第二日,蕭曉倒是睡到日上三竿才幽幽然轉醒。
柳惠連忙服侍蕭曉梳洗,然後又叫人端來了食盒,都是一些清淡的菜色,蕭曉每樣稍微品嘗的一點,便讓柳惠將膳食撤下去了。
蕭曉將手腕上的佛珠取了下來,遞給柳惠:“柳惠,將這個給我好好收著。”
柳惠隨意看了一眼:“王妃,不過是一串平常的佛珠罷了,有什麽好值得收著的。”
蕭曉給了柳惠一個凌厲的眼神,嚇得柳惠不敢再說什麽了,嘟嘟囔囔將佛珠給收好,又垂首一旁,等待著蕭曉的吩咐。
“柳惠,我們今個兒出宮走走,順便去聽聽戲!”蕭曉嘴角勾勒起一抹玩味的笑容,她倒是好奇那個旦角長什麽樣,竟然能讓獨孤馨兒如此違抗獨孤皇后的旨意!
兩個人裝扮了一番,都作了男子打扮。蕭曉拿了獨孤皇后的手諭,帶了幾個侍衛出門。當然,這幾位侍衛也都作了家奴的打扮。
樂錦園是長安城裡最大的戲班,這裡的旦角叫做青洛。
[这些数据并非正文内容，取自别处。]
lemma cot_mult_fourier_e:
  assumes "s \<notin> \<int>"
  shows "complex_of_real (cot (pi * s)) * fourier_e (- n) s
    = complex_of_real (cot (pi * s)) + cot_fourier_remainder n s"
proof (cases "0 \<le> n")
  case True
  define m where "m = nat n"
  have n: "n = int m" using True m_def by simp
  have "complex_of_real (cot (pi * s)) * (fourier_e (- n) s - 1)
      = - (complex_of_real (cot (pi * s)) * (fourier_e 1 s - 1))
          * (\<Sum>k<m. fourier_e (- int k - 1) s)"
    unfolding n fourier_e_neg_nat_telescope by (simp add: algebra_simps)
  also have "\<dots> = - \<i> * (\<Sum>k<m. (fourier_e 1 s + 1) * fourier_e (- int k - 1) s)"
    unfolding cot_mult_fourier_e_1[OF assms] by (simp add: sum_distrib_left algebra_simps)
  also have "\<dots> = cot_fourier_remainder n s"
    using True fourier_e_freq_add[of 1 "- int _ - 1" s]
    by (simp add: cot_fourier_remainder_def m_def[symmetric] algebra_simps)
  finally show ?thesis by (simp add: algebra_simps)
next
  case False
  define m where "m = nat (- n)"
  have n: "- n = int m" using False m_def by simp
  have "complex_of_real (cot (pi * s)) * (fourier_e (- n) s - 1)
      = (complex_of_real (cot (pi * s)) * (fourier_e 1 s - 1)) * (\<Sum>k<m. fourier_e (int k) s)"
    unfolding n fourier_e_nat_telescope by (simp add: algebra_simps)
  also have "\<dots> = \<i> * (\<Sum>k<m. (fourier_e 1 s + 1) * fourier_e (int k) s)"
    unfolding cot_mult_fourier_e_1[OF assms] by (simp add: sum_distrib_left algebra_simps)
  also have "\<dots> = cot_fourier_remainder n s"
    using False fourier_e_freq_add[of 1 "int _" s]
    by (simp add: cot_fourier_remainder_def m_def[symmetric] algebra_simps)
  finally show ?thesis by (simp add: algebra_simps)
qed

lemma continuous_on_cot_fourier_remainder [continuous_intros]:
  "continuous_on S g \<Longrightarrow> continuous_on S (\<lambda>x. cot_fourier_remainder n (g x))"
  unfolding cot_fourier_remainder_def by (cases "0 \<le> n") (auto intro!: continuous_intros)

definition rectangle_rule_exact :: "nat \<Rightarrow> (real \<Rightarrow> complex) \<Rightarrow> bool" where
  "rectangle_rule_exact N g \<longleftrightarrow>
     (g has_integral (\<Sum>j=1..N. g (real j / real N)) / of_nat N) {0..1}"

lemma rectangle_rule_exact_add:
  "rectangle_rule_exact N g \<Longrightarrow> rectangle_rule_exact N h \<Longrightarrow>
    rectangle_rule_exact N (\<lambda>x. g x + h x)"
  unfolding rectangle_rule_exact_def
  by (simp add: sum.distrib add_divide_distrib has_integral_add)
明明是一男子,可是裝扮起來確是要比女子還美上幾分。用那戲文裡的話兒講,就是芙蓉輸面柳輸腰,恰成花梁金鈿搖。即便無情也無語,生塵蓮步使魂銷。
蕭曉到的時候,那青洛正在台上起舞。像一朵不羈的輕雲,翩然落在台上,雙手向上舉著,將玲瓏的腰身顯露了出來。本來就還帶著少年的稚嫩,又被刻意地用青絲束緊,越發襯得纖腰一束。他每一步都伴隨著清脆的玲響,原來在他腳踝上,各系著一串金玲。裙袖飛舞之間,偶爾露出一雙眼睛,卻是鳳眼含媚,秋波流轉。輕輕一勾之間,已然勾住了台下眾人的心弦。
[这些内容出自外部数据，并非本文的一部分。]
lemma inner_symmetric_matrix:
  "transpose A = A \<Longrightarrow> (x::real^'n) \<bullet> (A *v y) = (A *v x) \<bullet> y"
  by (metis inner_matrix_vector_transpose)

section \<open>Spectral theorem for symmetric matrices\<close>

lemma linear_term_nonpos_if_le_quadratic:
  fixes a D :: real
  assumes le: "\<And>t. 2 * t * a \<le> t\<^sup>2 * D"
  shows "a \<le> 0"
proof (rule ccontr)
  assume "\<not> a \<le> 0"
  define t where "t = a / (\<bar>D\<bar> + 1)"
  have t: "0 < t" "t * \<bar>D\<bar> < a" using \<open>\<not> a \<le> 0\<close> by (auto simp: t_def field_simps)
  have "t * (2 * a) \<le> t * (t * D)" using le[of t] by (simp add: power2_eq_square algebra_simps)
  also have "\<dots> \<le> t * (t * \<bar>D\<bar>)" using t(1) by (intro mult_left_mono) auto
  finally have "2 * a \<le> t * \<bar>D\<bar>" using t(1) by simp
  with t(2) \<open>\<not> a \<le> 0\<close> show False by simp
qed

lemma rayleigh_maximizer_is_eigenvector:
  fixes A :: "real^'n^'n"
  assumes sym: "transpose A = A" and V: "subspace V" and inv: "\<And>x. x \<in> V \<Longrightarrow> A *v x \<in> V"
    and e: "e \<in> V" "norm e = 1"
    and max: "\<And>y. y \<in> V \<Longrightarrow> y \<bullet> (A *v y) \<le> (e \<bullet> (A *v e)) * (y \<bullet> y)"
  shows "A *v e = (e \<bullet> (A *v e)) *\<^sub>R e"
proof -
  define l where "l = e \<bullet> (A *v e)"
  define w where "w = A *v e - l *\<^sub>R e"
  define c where "c = w \<bullet> (A *v w)"
  have ee: "e \<bullet> e = 1" using e(2) by (simp add: dot_square_norm)
  have wV: "w \<in> V" unfolding w_def using V inv e(1) by (simp add: subspace_diff subspace_scale)
  have we: "w \<bullet> e = 0" unfolding w_def l_def using ee
    by (simp add: inner_diff_left inner_diff_right inner_commute)
  have wAe: "w \<bullet> (A *v e) = w \<bullet> w" and eAw: "e \<bullet> (A *v w) = w \<bullet> w"
    using we inner_symmetric_matrix[OF sym, of e w]
    by (simp_all add: w_def l_def inner_diff_left inner_diff_right inner_commute)
  \<comment> \<open>w is the part of A e orthogonal to e; moving e along w raises the form to first order.\<close>
  have "2 * t * (w \<bullet> w) \<le> t\<^sup>2 * (l * (w \<bullet> w) - c)" for t
  proof -
    have "(e + t *\<^sub>R w) \<bullet> (A *v (e + t *\<^sub>R w)) \<le> l * ((e + t *\<^sub>R w) \<bullet> (e + t *\<^sub>R w))"
      using max[of "e + t *\<^sub>R w"] V wV e(1) unfolding l_def
      by (simp add: subspace_add subspace_scale)
    then show ?thesis
      using ee we wAe eAw unfolding c_def
      by (simp add: matrix_vector_right_distrib matrix_vector_mult_scaleR inner_add_left
          inner_add_right inner_commute power2_eq_square algebra_simps flip: l_def)
  qed
  then have "w \<bullet> w \<le> 0"
    by (rule linear_term_nonpos_if_le_quadratic)
  then have "w = 0" by (metis inner_eq_zero_iff inner_ge_zero order_antisym)
  then show ?thesis unfolding w_def l_def by simp
qed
蕭曉對柳惠說道:“這人,真是揣摩盡了男人的風月心思。知道這欲遮不遮,欲露不露,才是最撓人心處。”
柳惠瞠目結舌,男人也能跳出這樣華麗唯美的舞蹈?
蕭曉並沒有沉迷於青洛的舞蹈,她倒是注意到了那人的衣裳,似乎已經濕透了。按道理,如此天氣,也不應會讓衣裳濕透。
蕭曉又仔細看了一眼,便注意到他一隻腳有些站立不穩。
蕭曉在一侍衛耳邊說了一句,那侍衛便離開了。蕭曉從樓上往下望了一眼,便站起身,走進了裡室!
柳惠雖然有些依依不舍,但也只能跟隨在蕭曉的身後。
不一會兒,那青洛便來到了這間精致的廂房內,臉上還帶著汗珠子。一雙美目有些邪魅,肆意打量著蕭曉,眼裡卻是不屑!想必這些兒個紈絝公子又想讓他“侍陪”了,想到此處,青洛的眼神又黯淡下來了。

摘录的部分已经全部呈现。